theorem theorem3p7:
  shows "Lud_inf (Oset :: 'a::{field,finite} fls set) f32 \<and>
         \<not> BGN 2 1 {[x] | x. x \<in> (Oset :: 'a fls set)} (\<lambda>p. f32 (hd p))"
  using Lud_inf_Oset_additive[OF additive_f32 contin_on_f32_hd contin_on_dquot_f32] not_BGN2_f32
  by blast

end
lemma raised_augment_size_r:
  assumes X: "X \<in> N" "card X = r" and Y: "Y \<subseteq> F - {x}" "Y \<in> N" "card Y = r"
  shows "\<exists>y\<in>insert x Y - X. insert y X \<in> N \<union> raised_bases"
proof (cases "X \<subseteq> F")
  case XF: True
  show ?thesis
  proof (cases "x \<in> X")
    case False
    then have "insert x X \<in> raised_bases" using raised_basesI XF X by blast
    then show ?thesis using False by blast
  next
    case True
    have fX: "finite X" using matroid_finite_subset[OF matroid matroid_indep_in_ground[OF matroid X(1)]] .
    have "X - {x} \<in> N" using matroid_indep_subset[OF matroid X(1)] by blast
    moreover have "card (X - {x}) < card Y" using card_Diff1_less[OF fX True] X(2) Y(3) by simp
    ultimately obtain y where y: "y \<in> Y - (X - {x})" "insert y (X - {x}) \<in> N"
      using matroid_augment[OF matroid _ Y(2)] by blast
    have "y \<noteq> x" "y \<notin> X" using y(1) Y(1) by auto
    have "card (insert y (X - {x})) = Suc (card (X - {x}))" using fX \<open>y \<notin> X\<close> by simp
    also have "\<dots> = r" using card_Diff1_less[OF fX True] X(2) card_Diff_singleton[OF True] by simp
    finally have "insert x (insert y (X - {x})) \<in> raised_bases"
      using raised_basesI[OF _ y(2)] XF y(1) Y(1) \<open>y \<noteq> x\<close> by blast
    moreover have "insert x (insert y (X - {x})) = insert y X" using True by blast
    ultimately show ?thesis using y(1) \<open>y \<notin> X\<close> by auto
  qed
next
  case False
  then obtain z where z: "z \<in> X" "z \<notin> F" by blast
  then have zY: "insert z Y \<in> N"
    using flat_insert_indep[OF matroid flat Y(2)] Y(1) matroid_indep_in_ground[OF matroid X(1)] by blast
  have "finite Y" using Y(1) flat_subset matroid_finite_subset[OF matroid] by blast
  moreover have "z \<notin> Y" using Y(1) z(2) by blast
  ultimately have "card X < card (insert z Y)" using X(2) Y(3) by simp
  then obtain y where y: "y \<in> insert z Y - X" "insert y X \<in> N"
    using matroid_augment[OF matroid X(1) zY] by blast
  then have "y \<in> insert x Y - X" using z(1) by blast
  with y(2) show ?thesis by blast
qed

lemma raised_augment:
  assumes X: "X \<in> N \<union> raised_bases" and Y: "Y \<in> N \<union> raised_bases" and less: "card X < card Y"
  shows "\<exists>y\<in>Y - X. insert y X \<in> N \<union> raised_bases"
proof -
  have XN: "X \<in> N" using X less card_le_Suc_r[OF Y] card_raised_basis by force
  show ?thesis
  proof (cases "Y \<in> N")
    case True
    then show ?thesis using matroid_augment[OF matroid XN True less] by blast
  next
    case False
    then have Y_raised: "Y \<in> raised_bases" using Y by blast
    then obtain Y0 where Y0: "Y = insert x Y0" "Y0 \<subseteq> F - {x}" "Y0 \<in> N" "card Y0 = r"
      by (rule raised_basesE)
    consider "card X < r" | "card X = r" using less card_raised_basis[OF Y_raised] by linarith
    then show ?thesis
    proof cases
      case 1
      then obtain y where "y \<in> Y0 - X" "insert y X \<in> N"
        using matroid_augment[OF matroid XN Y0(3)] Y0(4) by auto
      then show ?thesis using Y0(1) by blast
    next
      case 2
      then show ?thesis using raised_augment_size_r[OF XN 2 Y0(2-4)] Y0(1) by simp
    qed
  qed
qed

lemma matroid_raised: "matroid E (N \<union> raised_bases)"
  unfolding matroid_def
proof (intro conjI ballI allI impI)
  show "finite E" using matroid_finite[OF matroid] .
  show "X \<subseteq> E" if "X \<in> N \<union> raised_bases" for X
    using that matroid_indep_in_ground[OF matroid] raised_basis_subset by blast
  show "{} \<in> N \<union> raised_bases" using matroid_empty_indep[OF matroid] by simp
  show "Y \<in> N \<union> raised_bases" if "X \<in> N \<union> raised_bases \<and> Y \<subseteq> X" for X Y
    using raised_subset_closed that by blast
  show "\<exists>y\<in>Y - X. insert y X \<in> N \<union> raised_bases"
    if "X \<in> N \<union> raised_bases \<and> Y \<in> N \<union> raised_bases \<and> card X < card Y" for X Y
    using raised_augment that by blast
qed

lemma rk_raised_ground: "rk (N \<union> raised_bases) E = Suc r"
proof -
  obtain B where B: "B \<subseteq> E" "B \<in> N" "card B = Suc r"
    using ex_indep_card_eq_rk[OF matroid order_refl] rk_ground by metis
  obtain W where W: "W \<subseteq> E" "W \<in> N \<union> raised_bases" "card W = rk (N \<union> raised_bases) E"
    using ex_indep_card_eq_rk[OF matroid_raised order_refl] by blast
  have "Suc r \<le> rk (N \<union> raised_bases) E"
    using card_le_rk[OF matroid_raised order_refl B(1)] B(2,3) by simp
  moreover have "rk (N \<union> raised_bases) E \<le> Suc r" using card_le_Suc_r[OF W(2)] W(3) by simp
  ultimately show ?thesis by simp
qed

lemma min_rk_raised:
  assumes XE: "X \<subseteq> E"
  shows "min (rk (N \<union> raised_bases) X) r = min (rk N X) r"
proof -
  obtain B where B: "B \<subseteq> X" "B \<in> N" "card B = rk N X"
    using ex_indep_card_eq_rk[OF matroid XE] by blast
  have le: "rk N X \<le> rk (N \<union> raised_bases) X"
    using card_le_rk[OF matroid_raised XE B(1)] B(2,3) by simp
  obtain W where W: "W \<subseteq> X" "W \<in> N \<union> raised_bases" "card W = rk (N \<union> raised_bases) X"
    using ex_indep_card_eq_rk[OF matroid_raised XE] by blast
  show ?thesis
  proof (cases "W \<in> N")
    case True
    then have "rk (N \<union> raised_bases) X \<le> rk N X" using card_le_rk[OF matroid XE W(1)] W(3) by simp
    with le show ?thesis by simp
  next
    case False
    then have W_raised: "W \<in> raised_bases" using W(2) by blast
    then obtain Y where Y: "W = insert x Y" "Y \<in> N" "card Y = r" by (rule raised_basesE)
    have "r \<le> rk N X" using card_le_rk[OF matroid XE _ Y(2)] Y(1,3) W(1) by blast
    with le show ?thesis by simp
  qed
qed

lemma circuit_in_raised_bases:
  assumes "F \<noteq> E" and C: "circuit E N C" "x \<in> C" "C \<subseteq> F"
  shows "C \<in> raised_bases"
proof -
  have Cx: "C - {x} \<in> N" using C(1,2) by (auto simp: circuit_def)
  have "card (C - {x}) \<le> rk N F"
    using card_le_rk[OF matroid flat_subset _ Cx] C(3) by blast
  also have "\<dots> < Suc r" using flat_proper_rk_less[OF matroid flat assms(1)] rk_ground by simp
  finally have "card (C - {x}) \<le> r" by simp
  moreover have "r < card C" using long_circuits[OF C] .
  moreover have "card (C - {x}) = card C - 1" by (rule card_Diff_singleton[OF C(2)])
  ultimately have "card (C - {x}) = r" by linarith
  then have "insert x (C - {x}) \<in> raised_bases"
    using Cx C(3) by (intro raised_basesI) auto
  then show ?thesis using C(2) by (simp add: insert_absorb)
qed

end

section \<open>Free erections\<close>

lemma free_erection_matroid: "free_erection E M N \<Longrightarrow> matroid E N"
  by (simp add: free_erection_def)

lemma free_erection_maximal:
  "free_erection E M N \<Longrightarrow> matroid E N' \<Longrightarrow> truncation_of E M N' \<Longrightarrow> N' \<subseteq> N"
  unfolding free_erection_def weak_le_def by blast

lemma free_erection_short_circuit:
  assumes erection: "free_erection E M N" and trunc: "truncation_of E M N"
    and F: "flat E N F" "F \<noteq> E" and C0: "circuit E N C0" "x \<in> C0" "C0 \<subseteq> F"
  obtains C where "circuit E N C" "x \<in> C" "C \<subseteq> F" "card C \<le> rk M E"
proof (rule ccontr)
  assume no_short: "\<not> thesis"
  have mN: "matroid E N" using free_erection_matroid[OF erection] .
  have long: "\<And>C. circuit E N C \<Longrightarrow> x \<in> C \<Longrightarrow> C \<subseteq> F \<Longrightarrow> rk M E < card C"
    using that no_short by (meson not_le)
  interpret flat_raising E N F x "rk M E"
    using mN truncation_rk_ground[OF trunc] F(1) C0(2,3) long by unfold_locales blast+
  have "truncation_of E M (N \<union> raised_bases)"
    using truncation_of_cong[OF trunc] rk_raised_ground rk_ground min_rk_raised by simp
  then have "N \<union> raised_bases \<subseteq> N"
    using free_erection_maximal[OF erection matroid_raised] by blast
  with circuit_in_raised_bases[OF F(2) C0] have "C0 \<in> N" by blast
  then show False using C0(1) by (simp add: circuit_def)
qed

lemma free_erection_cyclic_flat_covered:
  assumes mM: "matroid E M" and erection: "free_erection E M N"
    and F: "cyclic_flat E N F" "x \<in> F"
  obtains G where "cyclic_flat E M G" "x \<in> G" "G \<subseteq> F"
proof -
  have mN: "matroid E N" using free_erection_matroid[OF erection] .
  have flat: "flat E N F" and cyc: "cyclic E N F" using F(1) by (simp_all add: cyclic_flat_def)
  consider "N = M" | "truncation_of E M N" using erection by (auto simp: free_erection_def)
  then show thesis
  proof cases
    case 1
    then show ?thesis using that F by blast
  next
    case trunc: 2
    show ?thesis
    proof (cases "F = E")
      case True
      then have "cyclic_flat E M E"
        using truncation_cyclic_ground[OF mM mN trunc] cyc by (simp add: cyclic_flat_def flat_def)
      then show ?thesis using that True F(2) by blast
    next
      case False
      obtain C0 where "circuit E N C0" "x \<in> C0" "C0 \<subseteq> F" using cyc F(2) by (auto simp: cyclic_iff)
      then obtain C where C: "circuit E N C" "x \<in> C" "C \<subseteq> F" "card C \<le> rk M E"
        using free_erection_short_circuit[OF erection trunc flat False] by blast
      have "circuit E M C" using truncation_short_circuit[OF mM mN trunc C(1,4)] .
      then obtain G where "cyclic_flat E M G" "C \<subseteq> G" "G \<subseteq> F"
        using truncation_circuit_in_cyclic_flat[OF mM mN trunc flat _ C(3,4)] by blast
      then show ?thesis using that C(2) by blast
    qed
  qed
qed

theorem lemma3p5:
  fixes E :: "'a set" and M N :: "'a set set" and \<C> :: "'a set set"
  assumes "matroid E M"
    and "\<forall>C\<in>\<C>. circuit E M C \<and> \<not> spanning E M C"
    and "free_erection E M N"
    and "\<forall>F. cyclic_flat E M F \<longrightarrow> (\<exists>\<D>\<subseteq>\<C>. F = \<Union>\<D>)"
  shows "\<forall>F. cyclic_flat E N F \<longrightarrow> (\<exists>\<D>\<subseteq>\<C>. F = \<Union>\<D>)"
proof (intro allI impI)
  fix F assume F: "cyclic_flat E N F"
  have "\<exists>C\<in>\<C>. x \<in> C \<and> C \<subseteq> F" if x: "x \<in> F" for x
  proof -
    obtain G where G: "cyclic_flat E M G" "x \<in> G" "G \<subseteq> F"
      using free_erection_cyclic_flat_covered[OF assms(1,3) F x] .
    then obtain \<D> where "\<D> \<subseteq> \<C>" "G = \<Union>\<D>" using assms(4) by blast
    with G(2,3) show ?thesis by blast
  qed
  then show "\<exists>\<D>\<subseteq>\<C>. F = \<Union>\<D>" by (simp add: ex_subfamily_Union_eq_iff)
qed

###

§ Required work
Reproduce, word for word and in full, only the lines above that start at the line with "ultimately obtain y" and run through the line with "using raised_basesI[OF _", both ends included.

§ Response area
    ultimately obtain y where y: "y \<in> Y - (X - {x})" "insert y (X - {x}) \<in> N"
      using matroid_augment[OF matroid _ Y(2)] by blast
    have "y \<noteq> x" "y \<notin> X" using y(1) Y(1) by auto
    have "card (insert y (X - {x})) = Suc (card (X - {x}))" using fX \<open>y \<notin> X\<close> by simp
    also have "\<dots> = r" using card_Diff1_less[OF fX True] X(2) card_Diff_singleton[OF True] by simp
    finally have "insert x (insert y (X - {x})) \<in> raised_bases"
      using raised_basesI[OF _ y(2)] XF y(1) Y(1) \<open>y \<noteq> x\<close> by blast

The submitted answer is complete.